Kendrick will get $7.675 million, per Joel Sherman of the New York Post, after going 10-13 with a 4.70 earned run average on a 73-win team. Mayberry Jr. signed for $1,587,500 after 353 at-bats where he hit .227, according to Ryan Lawrence of the Philadelphia Daily News.
Both of these cases remind of the quote attributed to legendary (for the wrong reasons) baseball general manager Branch Rickey, who told Hall of Fame slugger Ralph Kiner that "we finished in last place with you; we can finish in last place without you."

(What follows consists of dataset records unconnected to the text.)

lemma card_incr_sets_through:
  assumes p: "p < length xs" and k: "k \<ge> 1"
    and C: "C = {j. j < length xs \<and> (j < p \<and> xs ! j < xs ! p \<or> p < j \<and> xs ! p < xs ! j)}"
    and chain: "\<forall>i\<in>C. \<forall>j\<in>C. i < j \<longrightarrow> xs ! i < xs ! j"
  shows "card {I \<in> incr_sets k xs. p \<in> I} = card C choose (k - 1)"
proof -
  have fin: "finite C" using C by simp
  have "insert p J \<in> incr_sets k xs" if J: "J \<subseteq> C" "card J = k - 1" for J
  proof -
    have "p \<notin> J" "finite J" using J fin C by (auto intro: finite_subset)
    then have "card (insert p J) = k" using J(2) k by simp
    moreover have "xs ! i < xs ! j" if ij: "i \<in> insert p J" "j \<in> insert p J" "i < j" for i j
    proof -
      consider "i = p" "j \<in> C" | "j = p" "i \<in> C" | "i \<in> C" "j \<in> C"
        using ij J(1) by blast
      then show ?thesis using chain ij(3) by cases (auto simp: C)
    qed
    ultimately show ?thesis using J(1) p by (auto simp: incr_sets_def C)
  qed
  moreover have "I - {p} \<subseteq> C" "card (I - {p}) = k - 1"
    if I: "I \<in> incr_sets k xs" "p \<in> I" for I
  proof -
    have sub: "I \<subseteq> {..<length xs}" and "card I = k"
      and inc: "\<forall>i\<in>I. \<forall>j\<in>I. i < j \<longrightarrow> xs ! i < xs ! j"
      using I(1) by (auto simp: incr_sets_def)
    then show "card (I - {p}) = k - 1" using I(2) finite_subset[OF sub] by simp
    show "I - {p} \<subseteq> C"
    proof
      fix j assume j: "j \<in> I - {p}"
      then have "j < p \<or> p < j" by auto
      then show "j \<in> C" using j sub inc I(2) by (auto simp: C)
    qed
  qed
  moreover have "p \<notin> C" by (simp add: C)
  ultimately have "bij_betw (insert p) {J. J \<subseteq> C \<and> card J = k - 1} {I \<in> incr_sets k xs. p \<in> I}"
    by (intro bij_betw_byWitness[where f' = "\<lambda>I. I - {p}"]) (auto simp: subset_iff)
  then show ?thesis by (simp add: bij_betw_same_card[symmetric] n_subsets fin)
qed

lemma tau_perm_del_nth:
  assumes "p < length xs" "k \<ge> 1"
    and "C = {j. j < length xs \<and> (j < p \<and> xs ! j < xs ! p \<or> p < j \<and> xs ! p < xs ! j)}"
    and "\<forall>i\<in>C. \<forall>j\<in>C. i < j \<longrightarrow> xs ! i < xs ! j"
  shows "tau_perm k xs = tau_perm k (del_nth p xs) + (card C choose (k - 1))"
proof -
  have "tau_perm k xs = card {I \<in> incr_sets k xs. p \<notin> I} + card {I \<in> incr_sets k xs. p \<in> I}"
    unfolding tau_perm_eq_card
    by (subst card_Un_disjoint[symmetric])
      (auto intro: arg_cong[where f = card] simp: finite_incr_sets)
  also have "\<dots> = tau_perm k (del_nth p xs) + (card C choose (k - 1))"
    using card_incr_sets_avoiding[OF assms(1)] card_incr_sets_through[OF assms] by (rule arg_cong2)
  finally show ?thesis .
qed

That the Phillies feel compelled to pay Kendrick and Mayberry Jr. these wages speaks audibly of the trouble the franchise is in.
Two arbitration candidates remain—center fielder Ben Revere and left-handed relief pitcher Antonio Bastardo. Both are hoping to become as overpaid as Kendrick and Mayberry Jr.
Per Baseball Prospectus, Revere made $515,000.00 in 2013 and is seeking a raise to $2.425 million in 2014. The Phillies contend Revere should make $1.4 million this season.
Looking over the MLB Trade Rumors 2013 Arbitration Tracker, one-dimensional speed players like Emilio Bonifacio ($2.6 million) and Everth Cabrera ($1.275 million) are not darlings of the arbitration process. After missing half a season with a foot injury, Revere is unlikely to get to $2 million for a 2014 salary. $1.8 million would be a reasonable result for Revere.
Bastardo settled for $1.4 million before arbitration last season. His additional year of service time has upped the range on his potential earnings between the $1.675 million the Phillies want to pay him and the $2.5 million he is asking for.
That Bastardo is asking for such a significant raise after missing 50 games due to suspension redefines hubris. Bastardo is another guy for whom $2 million is just too much. This feels like a $1.9 million outcome.
Ideally the Phillies would avoid arbitration with Revere by extending his contract and let the cards fall where they will with Bastardo, who is probably not in the team's long-term plans.
Regardless, neither player will break Philadelphia's bank in 2014. Not like its aging core will.